View support is only available starting in Hive 0.6.

Create View

Code Block
CREATE VIEW [IF NOT EXISTS] view_name [(column_name [COMMENT column_comment], ...) ]
[COMMENT view_comment]
[TBLPROPERTIES (property_name = property_value, ...)]
AS SELECT ...

CREATE VIEW creates a view with the given name. An error is thrown if a table or view with the same name already exists. You can use IF NOT EXISTS to skip the error.

If no column names are supplied, the names of the view's columns will be derived automatically from the defining SELECT expression. (If the SELECT contains unaliased scalar expressions such as x+y, the resulting view column names will be generated in the form _C0, _C1, etc.) When renaming columns, column comments can also optionally be supplied. (Comments are not automatically inherited from underlying columns.)

A CREATE VIEW statement will fail if the view's defining SELECT expression is invalid.

Note that a view is a purely logical object with no associated storage. (No support for materialized views is currently available in Hive.) When a query references a view, the view's definition is evaluated in order to produce a set of rows for further processing by the query. (This is a conceptual description; in fact, as part of query optimization, Hive may combine the view's definition with the query's, e.g. pushing filters from the query down into the view.)

A view's schema is frozen at the time the view is created; subsequent changes to underlying tables (e.g. adding a column) will not be reflected in the view's schema. If an underlying table is dropped or changed in an incompatible fashion, subsequent attempts to query the invalid view will fail.

Views are read-only and may not be used as the target of LOAD/INSERT/ALTER. For changing metadata, see ALTER VIEW.

A view may contain ORDER BY and LIMIT clauses.

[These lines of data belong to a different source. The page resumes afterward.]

lemma slice_sum_exp_neg_dist_le:
  assumes "2 \<le> d" "d < n" "1/4 \<le> (\<Sum>j<n. (b j)\<^sup>2)" "(\<Sum>j<n. b j)\<^sup>2 \<le> real n / 64"
  defines "p \<equiv> real d / real n"
  defines "\<tau> \<equiv> sqrt (p * (1 - p)) / 4" and "\<eta> \<equiv> (p * (1 - p))\<^sup>2 / 10^8"
  shows "(\<Sum>x\<in>slice_vectors n d. exp (- \<bar>(\<Sum>j<n. x j * b j) - t\<bar> / \<tau>))
    \<le> real (n choose d) * exp (- \<eta> / 2)"
proof -
  let ?S = "slice_vectors n d"
  define t' where "t' = t - p * (\<Sum>j<n. b j)"
  define G where "G = {x \<in> ?S. p * (1 - p) / 16 \<le> (centered_sum n p b x - t')\<^sup>2}"
  have q: "0 < p * (1 - p)" unfolding p_def using assms by simp
  then have \<tau>: "0 < \<tau>" "p * (1 - p) / 16 = \<tau>\<^sup>2" unfolding \<tau>_def by (auto simp: power_divide)
  have dist: "(\<Sum>j<n. x j * b j) - t = centered_sum n p b x - t'" for x
    unfolding centered_sum_eq t'_def by (simp add: mult.commute)
  have "2 \<le> exp (1::real)" using exp_ge_add_one_self[of "1::real"] by simp
  then have "exp (- \<bar>(\<Sum>j<n. x j * b j) - t\<bar> / \<tau>) \<le> 1 - (if x \<in> G then 1 else 0) / 2" for x
  proof (cases "x \<in> G")
    case True
    then have "\<tau>\<^sup>2 \<le> \<bar>centered_sum n p b x - t'\<bar>\<^sup>2" unfolding G_def \<tau> by simp
    then have "\<tau> \<le> \<bar>centered_sum n p b x - t'\<bar>"
      using \<tau> abs_le_square_iff[of \<tau> "centered_sum n p b x - t'"] by simp
    then have "1 \<le> \<bar>(\<Sum>j<n. x j * b j) - t\<bar> / \<tau>" unfolding dist using \<tau> by simp
    then have "exp (- \<bar>(\<Sum>j<n. x j * b j) - t\<bar> / \<tau>) \<le> exp (- 1)" by simp
    also have "\<dots> \<le> 1 / 2" using \<open>2 \<le> exp 1\<close> by (simp add: exp_minus field_simps)
    finally show ?thesis using True by simp
  qed (use \<tau> in simp)
  then have "(\<Sum>x\<in>?S. exp (- \<bar>(\<Sum>j<n. x j * b j) - t\<bar> / \<tau>))
      \<le> (\<Sum>x\<in>?S. 1 - (if x \<in> G then 1 else 0) / 2)"
    by (rule sum_mono)
  also have "\<dots> = real (n choose d) - real (card G) / 2"
    using finite_slice_vectors unfolding G_def
    by (simp add: sum_subtractf sum_divide_distrib[symmetric] sum.If_cases Int_def card_slice_vectors)
  also have "\<dots> \<le> real (n choose d) * (1 - \<eta> / 2)"
    using slice_anticoncentration[OF assms(1-4), of t'] unfolding G_def \<eta>_def p_def
    by (simp add: algebra_simps)
  also have "\<dots> \<le> real (n choose d) * exp (- \<eta> / 2)"
    using exp_ge_add_one_self[of "- \<eta> / 2"] by (intro mult_left_mono) auto
  finally show ?thesis .
qed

If a referencing query also contains these clauses, the query-level clauses are evaluated after the view clauses (and after any other operations in the query). For example, if a view specifies LIMIT 5, and a referencing query is executed as (select * from v LIMIT 10), then at most 5 rows will be returned.

Example of view creation:

Code Block
CREATE VIEW onion_referrers(url COMMENT 'URL of Referring page')
COMMENT 'Referrers to The Onion website'
AS
SELECT DISTINCT referrer_url
FROM page_view
WHERE page_url='http://www.theonion.com';

Use SHOW CREATE TABLE to display the CREATE VIEW statement that created a view.

Drop View

Code Block
DROP VIEW [IF EXISTS] view_name

DROP VIEW removes metadata for the specified view. (It is illegal to use DROP TABLE on a view.)

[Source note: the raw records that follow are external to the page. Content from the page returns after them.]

lemma u_lower_bound:
  obtains m where "0 < m" and "\<And>x \<theta>. 0 \<le> x \<Longrightarrow> x \<le> 3/4 \<Longrightarrow> m \<le> u (x, \<theta>)"
proof -
  define K where "K = {0..3/4::real} \<times> {0..1::real}"
  have "continuous_on K u"
    by (rule continuous_on_subset[OF continuous_on_u]) (auto simp: K_def)
  moreover have "compact K" "K \<noteq> {}"
    by (simp_all add: K_def compact_Times)
  ultimately obtain q where "q \<in> K" and q: "\<And>p. p \<in> K \<Longrightarrow> u q \<le> u p"
    using continuous_attains_inf[of K u] by blast
  have "u q \<le> u (x, \<theta>)" if "0 \<le> x" "x \<le> 3/4" for x \<theta>
  proof -
    have "(x, frac \<theta>) \<in> K"
      using that frac_ge_0[of \<theta>] frac_lt_1[of \<theta>] by (auto simp: K_def)
    then have "u q \<le> u (x, frac \<theta>)"
      by (rule q)
    also have "u (x, frac \<theta>) = u (x, frac \<theta> + of_int \<lfloor>\<theta>\<rfloor>)"
      by (rule u_periodic_int[symmetric])
    finally show ?thesis
      by (simp add: frac_def)
  qed
  moreover have "0 < u q"
    using \<open>q \<in> K\<close> u_pos[of q] by (auto simp: K_def)
  ultimately show ?thesis
    using that by blast
qed

text \<open>The first coordinates of the orbit of \<open>(3/4 + t, \<theta>)\<close> while it stays left of \<open>3/4\<close>;
  clamping at \<open>3/4\<close> keeps \<open>u\<close> inside its domain, so that every iterate is continuous in \<open>t\<close>.\<close>

primrec xorbit :: "real \<Rightarrow> nat \<Rightarrow> real \<Rightarrow> real" where
  "xorbit \<theta> 0 t = 4 * t"
| "xorbit \<theta> (Suc k) t = fst (gbranch \<gamma> u (min (xorbit \<theta> k t) (3/4), 4 ^ Suc k * \<theta>))"

lemma xorbit_nonneg: "0 \<le> t \<Longrightarrow> 0 \<le> xorbit \<theta> k t"
proof (induction k)
  case (Suc k)
  define x where "x = min (xorbit \<theta> k t) (3/4)"
  have "0 \<le> x" "x \<le> 3/4"
    using Suc by (auto simp: x_def)
  moreover have "0 < u (x, 4 ^ Suc k * \<theta>)"
    using calculation by (intro u_pos) auto
  ultimately show ?case
    by (simp add: gbranch_def flip: x_def)
qed simp

lemma xorbit_zero: "xorbit \<theta> k 0 = 0"
  by (induction k) (simp_all add: gbranch_def)

lemma continuous_on_xorbit: "continuous_on {0..} (xorbit \<theta> k)"
proof (induction k)
  case 0
  have "xorbit \<theta> 0 = (*) 4"
    by (rule ext) simp
  then show ?case
    by (simp only:) (intro continuous_intros)
next
  case (Suc k)
  define x where "x t = min (xorbit \<theta> k t) (3/4)" for t
  have "continuous_on {0..} x"
    unfolding x_def by (intro continuous_on_min Suc.IH continuous_on_const)
  moreover have "x t \<in> {0..3/4}" if "t \<in> {0..}" for t
    using xorbit_nonneg[of t \<theta> k] that by (simp add: x_def)
  ultimately have x: "continuous_on {0..} x" "\<And>t. t \<in> {0..} \<Longrightarrow> x t \<in> {0..3/4}"
    by blast+
  have "continuous_on {0..} (\<lambda>t. u (x t, 4 ^ Suc k * \<theta>))"
    by (rule continuous_on_compose2[OF continuous_on_u continuous_on_Pair[OF x(1) continuous_on_const]])
      (use x(2) in \<open>auto simp: image_subset_iff\<close>)
  moreover have "continuous_on {0..} (\<lambda>t. x t powr \<gamma>)"
    using x gamma_pos by (intro continuous_on_powr' continuous_on_const) auto
  ultimately have "continuous_on {0..} (\<lambda>t. x t * (1 + x t powr \<gamma> * u (x t, 4 ^ Suc k * \<theta>)))"
    using x by (intro continuous_on_mult continuous_on_add continuous_on_const)
  then show ?case
    by (rule continuous_on_eq) (simp add: gbranch_def x_def)
qed

lemma xorbit_reaches_line:
  assumes "0 < t"
  shows "\<exists>k. 3/4 \<le> xorbit \<theta> k t"
proof (rule ccontr)
  assume "\<nexists>k. 3/4 \<le> xorbit \<theta> k t"
  then have below: "xorbit \<theta> k t < 3/4" for k
    by (meson not_le)
  obtain m where "0 < m" and m: "\<And>x \<theta>. 0 \<le> x \<Longrightarrow> x \<le> 3/4 \<Longrightarrow> m \<le> u (x, \<theta>)"
    using u_lower_bound by blast
  \<comment> \<open>Each step adds at least \<open>c\<close>, because \<open>x \<ge> 4 t\<close> along the orbit.\<close>
  define c where "c = 4 * t * ((4 * t) powr \<gamma> * m)"
  have "0 < c"
    using \<open>0 < t\<close> \<open>0 < m\<close> by (simp add: c_def)
  have "4 * t + real k * c \<le> xorbit \<theta> k t" for k
  proof (induction k)
    case (Suc k)
    define x where "x = xorbit \<theta> k t"
    have x: "4 * t \<le> x" "x < 3/4"
      using Suc below[of k] \<open>0 < c\<close> by (auto simp: x_def intro: order_trans[rotated])
    then have "c \<le> x * (x powr \<gamma> * u (x, 4 ^ Suc k * \<theta>))"
      unfolding c_def using \<open>0 < t\<close> \<open>0 < m\<close> gamma_pos m[of x]
      by (intro mult_mono powr_mono2) auto
    then show ?case
      using Suc x by (simp add: x_def gbranch_def algebra_simps)
  qed simp
  moreover obtain k where "3/4 < real k * c"
    using ex_less_of_nat_mult[OF \<open>0 < c\<close>] by blast
  ultimately show False
    using below[of k] \<open>0 < t\<close> by (smt (verit))
qed

lemma funpow_fmap_eq_xorbit:
  assumes "0 < t" "\<forall>i<j. xorbit \<theta> i t < 3/4"
  shows "(f ^^ Suc j) (3/4 + t, \<theta>) = (xorbit \<theta> j t, 4 ^ Suc j * \<theta>)"
  using assms(2)
proof (induction j)
  case 0
  then show ?case
    using fmap_right[of "(3/4 + t, \<theta>)"] \<open>0 < t\<close> by simp
next
  case (Suc j)
  then have "xorbit \<theta> j t \<le> 3/4"
    by (simp add: less_imp_le)
  with Suc show ?case
    by (simp add: fmap_left gbranch_def)
qed

text \<open>Choosing the least \<open>j\<close> that can reach \<open>3/4\<close> at all keeps the earlier iterates below \<open>3/4\<close>
  on the whole interval; the intermediate value theorem for the \<open>j\<close>-th one then gives an exact hit.\<close>

lemma xorbit_hits_line:
  assumes "0 < t"
  obtains s j where "0 < s" "s \<le> t" "xorbit \<theta> j s = 3/4" "\<forall>i<j. xorbit \<theta> i s < 3/4"
proof -
  define P where "P j \<longleftrightarrow> (\<exists>s\<in>{0<..t}. 3/4 \<le> xorbit \<theta> j s)" for j
  obtain k where "3/4 \<le> xorbit \<theta> k t"
    using xorbit_reaches_line[OF assms] by blast
  then have "P k"
    using assms unfolding P_def by force
  then have "\<exists>j. P j" ..
  define j where "j = (LEAST j. P j)"
  obtain s1 where s1: "0 < s1" "s1 \<le> t" "3/4 \<le> xorbit \<theta> j s1"
    using LeastI_ex[OF \<open>\<exists>j. P j\<close>] by (auto simp: P_def j_def)
  have below: "xorbit \<theta> i s < 3/4" if "i < j" "0 < s" "s \<le> t" for i s
    using not_less_Least[of i P] that by (auto simp: P_def j_def not_le)
  obtain s where s: "0 \<le> s" "s \<le> s1" "xorbit \<theta> j s = 3/4"
    using IVT'[of "xorbit \<theta> j" 0 "3/4" s1] s1 xorbit_zero
      continuous_on_subset[OF continuous_on_xorbit, of "{0..s1}"] by auto
  moreover have "s \<noteq> 0"
    using s(3) xorbit_zero by auto
  ultimately show ?thesis
    using that[of s j] below s1 by auto
qed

When dropping a view referenced by other views, no warning is given (the dependent views are left dangling as invalid and must be dropped or recreated by the user).

In Hive 0.7.0 or later, DROP returns an error if the view doesn't exist, unless IF EXISTS is specified or the configuration variable hive.exec.drop.ignorenonexistent is set to true.

Example:

Code Block
DROP VIEW onion_referrers;

Alter View Properties

Code Block
ALTER VIEW view_name SET TBLPROPERTIES table_properties

table_properties:
  : (property_name = property_value, property_name = property_value, ...)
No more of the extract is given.